RE: updates to PAQ doc for discussion from Myers, Jim on 2011-08-14 (public-prov-wg@w3.org from August 2011)

From: Myers, Jim <MYERSJ4@rpi.edu>
Date: Sun, 14 Aug 2011 15:39:33 +0000
To: Simon Miles <simon.miles@kcl.ac.uk>, Provenance Working Group WG <public-prov-wg@w3.org>
Message-ID: <3131E7DF4CD2D94287870F5A931EFC23D416@EX14MB2.win.rpi.edu>
Simon,

I probably should have said every resource is an entity or PE... :-)

My statement about everything being an Entity in this thread was in the context of the thing versus state of things debate which I think is the distinction PAQ was making. Resource on the web that look mutable can be entities(live web pages), resources that look frozen (a version of that page) can be entities, entities made up for provenance purposes are clearly entities  and could be resources (they are not a different type just because they are only tracked for provenance purposes).

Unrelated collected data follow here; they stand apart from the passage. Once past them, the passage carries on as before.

(* Let $L=\{<,\ldots\}$ be a countable first order language containing a binary relation symbol $<$, and let $T$ be a complete $L$-theory with Skolem functions in which $<$ is interpreted as a linear order. Suppose $T$ satisfies the inaccessibility scheme. Let $M\models T$, let $\psi(\bar{x},\bar{t})$ be an $L$-formula and $\bar{b}\in M$ with $|\bar{b}|=|\bar{t}|$ such that $\psi(\bar{x},\bar{b})$ is $\bar{x}$-unbounded in $M$. Let $\varphi(\bar{x},\bar{t}')$ be an $L$-formula and $a\in M$. Then there is a tuple $\bar{c}\in M$ with $|\bar{c}|=|\bar{x}|$ such that $E_{\varphi}(\bar{x},\bar{c};a)\wedge\psi(\bar{x},\bar{b})$ is $\bar{x}$-unbounded in $M$.
   Context: For a formula $\varphi(\bar{x},\bar{t})$ and tuples $\bar{y}_0,\bar{y}_1$ of the same length as $\bar{x}$, write $E_{\varphi}(\bar{y}_0,\bar{y}_1;z_0)$ for the formula $(\forall \bar{t}<z_0)(\varphi(\bar{y}_0,\bar{t})\leftrightarrow\varphi(\bar{y}_1,\bar{t}))$; here $\bar{t}<z_0$ means every coordinate of $\bar{t}$ is $<z_0$. $T$ satisfies the inaccessibility scheme if for every formula $\varphi(\bar{x},\bar{t})$ of $L$ (with $\bar{x}$ a tuple of any finite length), $T\models (\forall z_0)(\exists z_1>z_0)(\forall\bar{y}_0)(\exists\bar{y}_1<z_1)E_{\varphi}(\bar{y}_0,\bar{y}_1;z_0)$. "$T$ has Skolem functions" means that for every formula $\theta(y,\bar{x})$ there is a term $\tau(\bar{x})$ of $L$ with $T\models \forall\bar{x}(\exists y\,\theta(y,\bar{x})\to\theta(\tau(\bar{x}),\bar{x}))$. For $\bar{x}=(x_1,\ldots,x_n)$ and a formula $\chi(\bar{x})$ with parameters from $M$, $\chi(\bar{x})$ is $\bar{x}$-unbounded in $M$ if $M\models(\forall\alpha_1)(\exists x_1>\alpha_1)(\forall\alpha_2)(\exists x_2>\alpha_2)\cdots(\forall\alpha_n)(\exists x_n>\alpha_n)\chi(\bar{x})$; otherwise it is $\bar{x}$-bounded. *)

theory Defs
  imports "HOL-Library.Countable_Set"
begin

text \<open>Constants are 0-ary function symbols.\<close>

datatype 'f trm = Var nat | Fn 'f "'f trm list"

datatype ('f, 'r) fm =
    Eq "'f trm" "'f trm"
  | Rl 'r "'f trm list"
  | Neg "('f, 'r) fm"
  | Conj "('f, 'r) fm" "('f, 'r) fm"
  | Ex nat "('f, 'r) fm"

fun vars_trm :: "'f trm \<Rightarrow> nat set" where
  "vars_trm (Var v) = {v}"
| "vars_trm (Fn f ts) = (\<Union>t\<in>set ts. vars_trm t)"

fun fv :: "('f, 'r) fm \<Rightarrow> nat set" where
  "fv (Eq s t) = vars_trm s \<union> vars_trm t"
| "fv (Rl r ts) = (\<Union>t\<in>set ts. vars_trm t)"
| "fv (Neg p) = fv p"
| "fv (Conj p q) = fv p \<union> fv q"
| "fv (Ex v p) = fv p - {v}"

fun wf_trm :: "('f \<Rightarrow> nat) \<Rightarrow> 'f trm \<Rightarrow> bool" where
  "wf_trm fa (Var v) = True"
| "wf_trm fa (Fn f ts) = (length ts = fa f \<and> (\<forall>t\<in>set ts. wf_trm fa t))"

fun wf_fm :: "('f \<Rightarrow> nat) \<Rightarrow> ('r \<Rightarrow> nat) \<Rightarrow> ('f, 'r) fm \<Rightarrow> bool" where
  "wf_fm fa ra (Eq s t) = (wf_trm fa s \<and> wf_trm fa t)"
| "wf_fm fa ra (Rl r ts) = (length ts = ra r \<and> (\<forall>t\<in>set ts. wf_trm fa t))"
| "wf_fm fa ra (Neg p) = wf_fm fa ra p"
| "wf_fm fa ra (Conj p q) = (wf_fm fa ra p \<and> wf_fm fa ra q)"
| "wf_fm fa ra (Ex v p) = wf_fm fa ra p"

definition sentence :: "('f \<Rightarrow> nat) \<Rightarrow> ('r \<Rightarrow> nat) \<Rightarrow> ('f, 'r) fm \<Rightarrow> bool" where
  "sentence fa ra p \<longleftrightarrow> wf_fm fa ra p \<and> fv p = {}"

record ('f, 'r, 'a) struct =
  sdom :: "'a set"
  sfun :: "'f \<Rightarrow> 'a list \<Rightarrow> 'a"
  srel :: "'r \<Rightarrow> 'a list \<Rightarrow> bool"

definition is_struct :: "('f \<Rightarrow> nat) \<Rightarrow> ('f, 'r, 'a) struct \<Rightarrow> bool" where
  "is_struct fa N \<longleftrightarrow> sdom N \<noteq> {} \<and>
     (\<forall>f as. length as = fa f \<and> set as \<subseteq> sdom N \<longrightarrow> sfun N f as \<in> sdom N)"

fun eval :: "('f, 'r, 'a) struct \<Rightarrow> (nat \<Rightarrow> 'a) \<Rightarrow> 'f trm \<Rightarrow> 'a" where
  "eval N e (Var v) = e v"
| "eval N e (Fn f ts) = sfun N f (map (eval N e) ts)"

I would still argue that it will be clearer if we make Entities and PEs distinct, rather than PE being a subtype of entity, and would just extend to say every resource is an entity or PE to stay consistent. In analogy with the idea above, I would argue that if there's a web resource that is an event, it qualifies as a PE and we shouldn't need a target-like indirection mechanism to get to something in the pil model. We may still want to describe sub-events, or entities that participate in the event etc. that are not currently-existing resources, but the original resource fits the model and the pil relationships are sufficient to relate everything.  

The discussion in [1] is from a different angle, but I think it is still consistent. That one was discussing avoiding things like functions being required to determine identity, e.g. for Java object instances. The point there was to avoid situations in which PIL/PAQ had to be aware of functions or other mechanisms to allow discovery and I think I was basically arguing that one should do something like what the resource mechanism does - in the semantic web sense a resource with a URI represents something in the world and limits what you can retrieve about that thing to content and metadata. For example, content size is really a function of the content, but is presented as metadata. pil:entity should work like that. If it does, I don't see any technical reason why a resource can't have metadata you want for an entity or vice versa how you could create an entity that would not be a viable resource. As before, this doesn't say that there aren't social/practical reasons that someone owning a URL refuses to serve metadata, or that all entities will be things one wants to serve as resources. So indirection to/from existing resources in the world is useful, but, if you agree that the resources you want to map to pil:entities are also valid entities, a target-URI type mechanism now has a domain and range of pil:entity and we should be asking if target is a sub-type of IVPof, derivation, etc. versus a new concept coming in through PAQ. (If we're talking about things without a URI, I think I;m just arguing to use the semantic web notion of representing it with a resource and using that as the pil:entity, versus having a PIL-specific mechanism.)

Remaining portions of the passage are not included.